→ ABOUT THIS EXERCISE
All of the entries below are to be copied without any alteration.

→ Records from a data collection
■ ■ ■

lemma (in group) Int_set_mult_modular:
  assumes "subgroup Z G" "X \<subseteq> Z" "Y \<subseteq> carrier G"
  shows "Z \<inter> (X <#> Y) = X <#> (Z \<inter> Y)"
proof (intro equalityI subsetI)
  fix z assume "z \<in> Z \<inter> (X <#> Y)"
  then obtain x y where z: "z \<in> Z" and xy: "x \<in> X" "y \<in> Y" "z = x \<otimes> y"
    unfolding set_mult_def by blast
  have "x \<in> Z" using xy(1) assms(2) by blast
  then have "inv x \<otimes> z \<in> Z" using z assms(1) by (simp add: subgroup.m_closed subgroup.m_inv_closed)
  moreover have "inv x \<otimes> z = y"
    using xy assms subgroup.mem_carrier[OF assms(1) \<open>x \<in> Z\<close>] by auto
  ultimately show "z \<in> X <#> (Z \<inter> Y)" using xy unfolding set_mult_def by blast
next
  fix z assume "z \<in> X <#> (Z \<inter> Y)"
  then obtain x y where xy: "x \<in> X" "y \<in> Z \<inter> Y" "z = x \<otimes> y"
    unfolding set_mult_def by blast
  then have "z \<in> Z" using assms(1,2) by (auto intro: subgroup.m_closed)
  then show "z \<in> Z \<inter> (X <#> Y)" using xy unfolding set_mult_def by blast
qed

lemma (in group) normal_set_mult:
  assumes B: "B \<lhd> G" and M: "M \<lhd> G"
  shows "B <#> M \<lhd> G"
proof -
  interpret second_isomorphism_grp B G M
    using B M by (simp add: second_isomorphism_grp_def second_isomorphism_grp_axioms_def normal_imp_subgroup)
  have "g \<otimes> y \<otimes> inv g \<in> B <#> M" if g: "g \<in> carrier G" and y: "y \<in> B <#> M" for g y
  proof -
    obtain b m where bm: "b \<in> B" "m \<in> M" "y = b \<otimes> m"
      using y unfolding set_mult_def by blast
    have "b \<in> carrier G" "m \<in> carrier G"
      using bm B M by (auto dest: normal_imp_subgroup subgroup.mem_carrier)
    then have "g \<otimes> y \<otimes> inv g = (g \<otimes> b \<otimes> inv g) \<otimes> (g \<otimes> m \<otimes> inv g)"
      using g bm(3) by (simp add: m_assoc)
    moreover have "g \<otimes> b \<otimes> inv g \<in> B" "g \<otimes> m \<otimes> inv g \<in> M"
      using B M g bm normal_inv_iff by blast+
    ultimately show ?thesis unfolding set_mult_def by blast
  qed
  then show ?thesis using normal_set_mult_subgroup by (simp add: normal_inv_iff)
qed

■ ■ ■

→ RESULT OF THIS TASK
lemma (in group) Int_set_mult_modular:
  assumes "subgroup Z G" "X \<subseteq> Z" "Y \<subseteq> carrier G"
  shows "Z \<inter> (X <#> Y) = X <#> (Z \<inter> Y)"
proof (intro equalityI subsetI)
  fix z assume "z \<in> Z \<inter> (X <#> Y)"
  then obtain x y where z: "z \<in> Z" and xy: "x \<in> X" "y \<in> Y" "z = x \<otimes> y"
    unfolding set_mult_def by blast
  have "x \<in> Z" using xy(1) assms(2) by blast
  then have "inv x \<otimes> z \<in> Z" using z assms(1) by (simp add: subgroup.m_closed subgroup.m_inv_closed)
  moreover have "inv x \<otimes> z = y"
    using xy assms subgroup.mem_carrier[OF assms(1) \<open>x \<in> Z\<close>] by auto
  ultimately show "z \<in> X <#> (Z \<inter> Y)" using xy unfolding set_mult_def by blast
next
  fix z assume "z \<in> X <#> (Z \<inter> Y)"
  then obtain x y where xy: "x \<in> X" "y \<in> Z \<inter> Y" "z = x \<otimes> y"
    unfolding set_mult_def by blast
  then have "z \<in> Z" using assms(1,2) by (auto intro: subgroup.m_closed)
  then show "z \<in> Z \<inter> (X <#> Y)" using xy unfolding set_mult_def by blast
qed

lemma (in group) normal_set_mult:
  assumes B: "B \<lhd> G" and M: "M \<lhd> G"
  shows "B <#> M \<lhd> G"
proof -
  interpret second_isomorphism_grp B G M
    using B M by (simp add: second_isomorphism_grp_def second_isomorphism_grp_axioms_def normal_imp_subgroup)
  have "g \<otimes> y \<otimes> inv g \<in> B <#> M" if g: "g \<in> carrier G" and y: "y \<in> B <#> M" for g y
  proof -
    obtain b m where bm: "b \<in> B" "m \<in> M" "y = b \<otimes> m"
      using y unfolding set_mult_def by blast
    have "b \<in> carrier G" "m \<in> carrier G"
      using bm B M by (auto dest: normal_imp_subgroup subgroup.mem_carrier)
    then have "g \<otimes> y \<otimes> inv g = (g \<otimes> b \<otimes> inv g) \<otimes> (g \<otimes> m \<otimes> inv g)"
      using g bm(3) by (simp add: m_assoc)
    moreover have "g \<otimes> b \<otimes> inv g \<in> B" "g \<otimes> m \<otimes> inv g \<in> M"
      using B M g bm normal_inv_iff by blast+
    ultimately show ?thesis unfolding set_mult_def by blast
  qed
  then show ?thesis using normal_set_mult_subgroup by (simp add: normal_inv_iff)
qed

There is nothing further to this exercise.